### EXERCISE
Gather every line below where "imports" appears.
:::
(* Let $d_1,d_2\in\mathbb{Z}$ with $d_1>0$ and $d_2<d_1$. Then for each $\delta>0$ there exists $f\in\mathcal{E}_{d_1}$ such that $$\int_{\mathbb{S}^1}|\dot f-\dot g|\ge(2\pi-\delta)(d_1-d_2)\quad\text{for all } g\in\mathcal{E}_{d_2}.$$
   Context: $W^{1,1}(\mathbb{S}^1;\mathbb{S}^1)=\{f\in W^{1,1}(\mathbb{S}^1;\mathbb{R}^2):|f|=1\}$ (such maps are continuous); $\dot f$ is the derivative with respect to arclength; $\mathcal{E}_d=\{f\in W^{1,1}(\mathbb{S}^1;\mathbb{S}^1):\deg f=d\}$. *)

theory Defs
  imports "HOL-Complex_Analysis.Complex_Analysis"
begin

text \<open>The circle S^1 is parametrized by arclength t in [0, 2*pi] (t maps to exp(i t)),
  and R^2 is identified with the complex plane.  A map f in W^{1,1}(S^1;S^1) is represented
  by a function f :: real => complex on [0,2*pi] together with its arclength derivative fd:
  fd is (absolutely) integrable on [0,2*pi], f is its indefinite integral (so f is
  absolutely continuous, the W^{1,1} condition in one dimension), f closes up
  (f 0 = f (2*pi)), and |f| = 1.\<close>

definition W11_circle :: "(real \<Rightarrow> complex) \<Rightarrow> (real \<Rightarrow> complex) \<Rightarrow> bool" where
  "W11_circle f fd \<longleftrightarrow>
     fd absolutely_integrable_on {0..2*pi} \<and>
     (\<forall>t\<in>{0..2*pi}. f t = f 0 + integral {0..t} fd) \<and>
     f (2*pi) = f 0 \<and>
     (\<forall>t\<in>{0..2*pi}. norm (f t) = 1)"

definition circle_deg :: "(real \<Rightarrow> complex) \<Rightarrow> complex" where
  "circle_deg f = winding_number (\<lambda>u. f (2*pi*u)) 0"

end

theory Submission
  imports Defs
begin

text \<open>
  The extremal map is \<open>f = exp (\<i> \<phi>)\<close> with a zigzag phase \<open>\<phi>\<close>: on a fine grid its slope
  alternates between \<open>L\<close> and \<open>-L\<close>, with mean slope \<open>d\<^sub>1\<close>, so \<open>|f'| = L\<close> while \<open>\<phi>\<close> stays
  close to \<open>d\<^sub>1 t\<close>. For \<open>g = exp (\<i> \<psi>)\<close> of degree \<open>d\<^sub>2\<close> put \<open>\<theta> = \<psi> - \<phi>\<close>. Pairing
  \<open>f' - g'\<close> with a unit vector built from \<open>f\<close>, \<open>g\<close> and \<open>\<theta>\<close> bounds \<open>|f' - g'|\<close> from below
  by a calibration whose integral is essentially
  \<open>-\<integral>(1 - haversin \<theta>\<^sup>N\<^sup>+\<^sup>1) \<theta>' = 2\<pi> (d\<^sub>1 - d\<^sub>2) (1 - hav_mean (N+1))\<close>:
  the terms containing \<open>Re (cnj g * g')\<close> integrate to zero because \<open>|g| = 1\<close>, and the term
  containing \<open>\<phi>' - d\<^sub>1\<close> is small after an integration by parts. Letting \<open>N\<close>, then \<open>L\<close>, then
  the grid resolution grow yields the bound \<open>(2\<pi> - \<delta>)(d\<^sub>1 - d\<^sub>2)\<close>.
\<close>

section \<open>Functions with a locally small increment\<close>

lemma abs_diff_le_of_local_bound:
  fixes E V :: "real \<Rightarrow> real"
  assumes "\<eta> > 0" "a \<le> b"
    and local: "\<And>s t. a \<le> s \<Longrightarrow> s \<le> t \<Longrightarrow> t \<le> b \<Longrightarrow> t - s \<le> \<eta> \<Longrightarrow> \<bar>E t - E s\<bar> \<le> V t - V s"
  shows "\<bar>E b - E a\<bar> \<le> V b - V a"
proof -
  have steps: "\<bar>E b - E s\<bar> \<le> V b - V s" if "a \<le> s" "s \<le> b" "b - s \<le> real m * \<eta>" for m s
    using that
  proof (induction m arbitrary: s)
    case 0
    then show ?case by simp
  next
    case (Suc m)
    show ?case
    proof (cases "b - s \<le> \<eta>")
      case True
      then show ?thesis using local Suc.prems by auto
    next
      case False
      have "\<bar>E b - E (s + \<eta>)\<bar> \<le> V b - V (s + \<eta>)"
        using Suc.IH[of "s + \<eta>"] Suc.prems False \<open>\<eta> > 0\<close> by (auto simp: algebra_simps)
      moreover have "\<bar>E (s + \<eta>) - E s\<bar> \<le> V (s + \<eta>) - V s"
        using local[of s "s + \<eta>"] Suc.prems False \<open>\<eta> > 0\<close> by auto
      ultimately show ?thesis by linarith
    qed
  qed
  obtain m :: nat where "(b - a) / \<eta> \<le> real m"
    using real_arch_simple by blast
  then have "b - a \<le> real m * \<eta>"
    using \<open>\<eta> > 0\<close> by (simp add: divide_le_eq)
  then show ?thesis
    using steps[of a m] \<open>a \<le> b\<close> by simp
qed

lemma locally_dominated_imp_constant:
  fixes E w :: "real \<Rightarrow> real"
  assumes w: "w integrable_on {a..b}"
    and local: "\<And>e. e > 0 \<Longrightarrow> \<exists>\<eta>>0. \<forall>s t. a \<le> s \<longrightarrow> s \<le> t \<longrightarrow> t \<le> b \<longrightarrow> t - s \<le> \<eta> \<longrightarrow>
                   \<bar>E t - E s\<bar> \<le> e * integral {s..t} w"
    and t: "t \<in> {a..b}"
  shows "E t = E a"
proof -
  define V where "V x = integral {a..x} w" for x
  have V_diff: "V y - V x = integral {x..y} w" if "a \<le> x" "x \<le> y" "y \<le> b" for x y
  proof -
    have "integral {a..x} w + integral {x..y} w = integral {a..y} w"
      using that w by (intro Henstock_Kurzweil_Integration.integral_combine)
        (auto intro: integrable_subinterval_real)
    then show ?thesis unfolding V_def by simp
  qed
  have bound: "\<bar>E t - E a\<bar> \<le> e * (V t - V a)" if "e > 0" for e
  proof -
    obtain \<eta> where "\<eta> > 0" and \<eta>: "\<And>s u. a \<le> s \<Longrightarrow> s \<le> u \<Longrightarrow> u \<le> b \<Longrightarrow> u - s \<le> \<eta> \<Longrightarrow>
        \<bar>E u - E s\<bar> \<le> e * integral {s..u} w"
      using local[OF \<open>e > 0\<close>] by blast
    have "\<bar>E t - E a\<bar> \<le> (\<lambda>x. e * V x) t - (\<lambda>x. e * V x) a"
    proof (rule abs_diff_le_of_local_bound[OF \<open>\<eta> > 0\<close>])
      fix s u assume "a \<le> s" "s \<le> u" "u \<le> t" "u - s \<le> \<eta>"
      then show "\<bar>E u - E s\<bar> \<le> e * V u - e * V s"
        using \<eta>[of s u] V_diff[of s u] t by (auto simp: right_diff_distrib[symmetric])
    qed (use t in auto)
    then show ?thesis by (simp add: right_diff_distrib)
  qed
  have D: "V t - V a \<ge> 0"
    using bound[of 1] abs_ge_zero[of "E t - E a"] by simp
  have "\<bar>E t - E a\<bar> \<le> 0"
  proof (rule field_le_epsilon)
    fix e :: real assume "e > 0"
    have "\<bar>E t - E a\<bar> \<le> e / (V t - V a + 1) * (V t - V a)"
      using bound[of "e / (V t - V a + 1)"] D \<open>e > 0\<close> by simp
    also have "\<dots> \<le> e" using D \<open>e > 0\<close> by (simp add: field_simps)
    finally show "\<bar>E t - E a\<bar> \<le> 0 + e" by simp
  qed
  then show ?thesis by simp
qed

section \<open>Absolutely continuous real functions\<close>

lemma continuous_on_indefinite_integral:
  fixes F F' :: "real \<Rightarrow> 'a::banach"
  assumes "F' integrable_on {a..b}" "\<And>t. t \<in> {a..b} \<Longrightarrow> F t = F a + integral {a..t} F'"
  shows "continuous_on {a..b} F"
proof -
  have "continuous_on {a..b} (\<lambda>t. F a + integral {a..t} F')"
    by (intro continuous_intros indefinite_integral_continuous_1 assms)
  then show ?thesis by (rule continuous_on_eq) (metis assms(2))
qed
:::
### TASK RESULT
  imports "HOL-Complex_Analysis.Complex_Analysis"
  imports Defs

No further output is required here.